*WHAT TO DO*
Check each line of the entries below for the string "else"; copy every line where it appears.

*****

(* Let $A_1,B_1,B_2,C_1,C_2\in\mathbb{C}^{r\times r}$ with $C_1+mI,C_2+mI$ invertible for all $m\ge0$, $A_1B_1=B_1A_1$, $B_2C_i=C_iB_2$ ($i=1,2$) and $C_1C_2=C_2C_1$. Let $n\ge1$ and suppose $A_1+mI$ is invertible for all $m\ge0$. Then $$F_{14}[A_1+nI]=F_{14}+x_1B_1\Big[\sum_{n_1=1}^nF_{14}[A_1+n_1I,B_1+I,C_1+I]\Big]C_1^{-1}+x_2\Big[\sum_{n_1=1}^nF_{14}[A_1+n_1I,B_2+I,C_2+I]\Big]B_2C_2^{-1}+x_3B_1\Big[\sum_{n_1=1}^nF_{14}[A_1+n_1I,B_1+I,C_2+I]\Big]C_2^{-1}.$$ Furthermore, if $A_1-n_1I$ is invertible for $0\le n_1\le n$, then $$F_{14}[A_1-nI]=F_{14}-x_1B_1\Big[\sum_{n_1=0}^{n-1}F_{14}[A_1-n_1I,B_1+I,C_1+I]\Big]C_1^{-1}-x_2\Big[\sum_{n_1=0}^{n-1}F_{14}[A_1-n_1I,B_2+I,C_2+I]\Big]B_2C_2^{-1}-x_3B_1\Big[\sum_{n_1=0}^{n-1}F_{14}[A_1-n_1I,B_1+I,C_2+I]\Big]C_2^{-1}.$$
   Context: For $M\in\mathbb{C}^{r\times r}$: $(M)_0=I$, $(M)_m=M(M+I)\cdots(M+(m-1)I)$, $(M)^{-1}_m=((M)_m)^{-1}$. The three-variable Lauricella matrix function $$F_{14}=F_{14}[A_1,B_1,B_2;C_1,C_2;x_1,x_2,x_3]=\sum_{m_1,m_2,m_3\ge0}(A_1)_{m_1+m_2+m_3}(B_1)_{m_1+m_3}(B_2)_{m_2}(C_1)^{-1}_{m_1}(C_2)^{-1}_{m_2+m_3}\frac{x_1^{m_1}x_2^{m_2}x_3^{m_3}}{m_1!m_2!m_3!},$$ with scalar variables $x_i$ and matrix products in the written order; identities are of formal power series in the $x_i$. $F_{14}[\dots]$ lists only the shifted parameters, all others unchanged. *)

theory Defs
  imports "HOL-Analysis.Analysis"
begin

type_synonym 'n cmat = "complex ^ 'n ^ 'n"

text \<open>Three-variable formal power series with matrix coefficients are represented by
  their coefficient functions: G m1 m2 m3 is the coefficient of x1^m1 x2^m2 x3^m3.\<close>
type_synonym 'n mfps3 = "nat \<Rightarrow> nat \<Rightarrow> nat \<Rightarrow> 'n cmat"

fun mpoch :: "'n::finite cmat \<Rightarrow> nat \<Rightarrow> 'n cmat" where
  "mpoch M 0 = mat 1"
| "mpoch M (Suc m) = mpoch M m ** (M + mat (of_nat m))"

definition mpoch_inv :: "'n::finite cmat \<Rightarrow> nat \<Rightarrow> 'n cmat" where
  "mpoch_inv M m = matrix_inv (mpoch M m)"

definition F14 :: "'n::finite cmat \<Rightarrow> 'n cmat \<Rightarrow> 'n cmat \<Rightarrow> 'n cmat \<Rightarrow> 'n cmat \<Rightarrow> 'n mfps3" where
  "F14 A1 B1 B2 C1 C2 = (\<lambda>m1 m2 m3.
     (1 / real (fact m1 * fact m2 * fact m3)) *\<^sub>R
     (mpoch A1 (m1 + m2 + m3) ** mpoch B1 (m1 + m3) ** mpoch B2 m2
      ** mpoch_inv C1 m1 ** mpoch_inv C2 (m2 + m3)))"

definition mulx1 :: "'n mfps3 \<Rightarrow> 'n::finite mfps3" where
  "mulx1 G = (\<lambda>m1 m2 m3. if m1 = 0 then 0 else G (m1 - 1) m2 m3)"
definition mulx2 :: "'n mfps3 \<Rightarrow> 'n::finite mfps3" where
  "mulx2 G = (\<lambda>m1 m2 m3. if m2 = 0 then 0 else G m1 (m2 - 1) m3)"
definition mulx3 :: "'n mfps3 \<Rightarrow> 'n::finite mfps3" where
  "mulx3 G = (\<lambda>m1 m2 m3. if m3 = 0 then 0 else G m1 m2 (m3 - 1))"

*****

*RESULT FOR THIS TASK*
  "mulx1 G = (\<lambda>m1 m2 m3. if m1 = 0 then 0 else G (m1 - 1) m2 m3)"
  "mulx2 G = (\<lambda>m1 m2 m3. if m2 = 0 then 0 else G m1 (m2 - 1) m3)"
  "mulx3 G = (\<lambda>m1 m2 m3. if m3 = 0 then 0 else G m1 m2 (m3 - 1))"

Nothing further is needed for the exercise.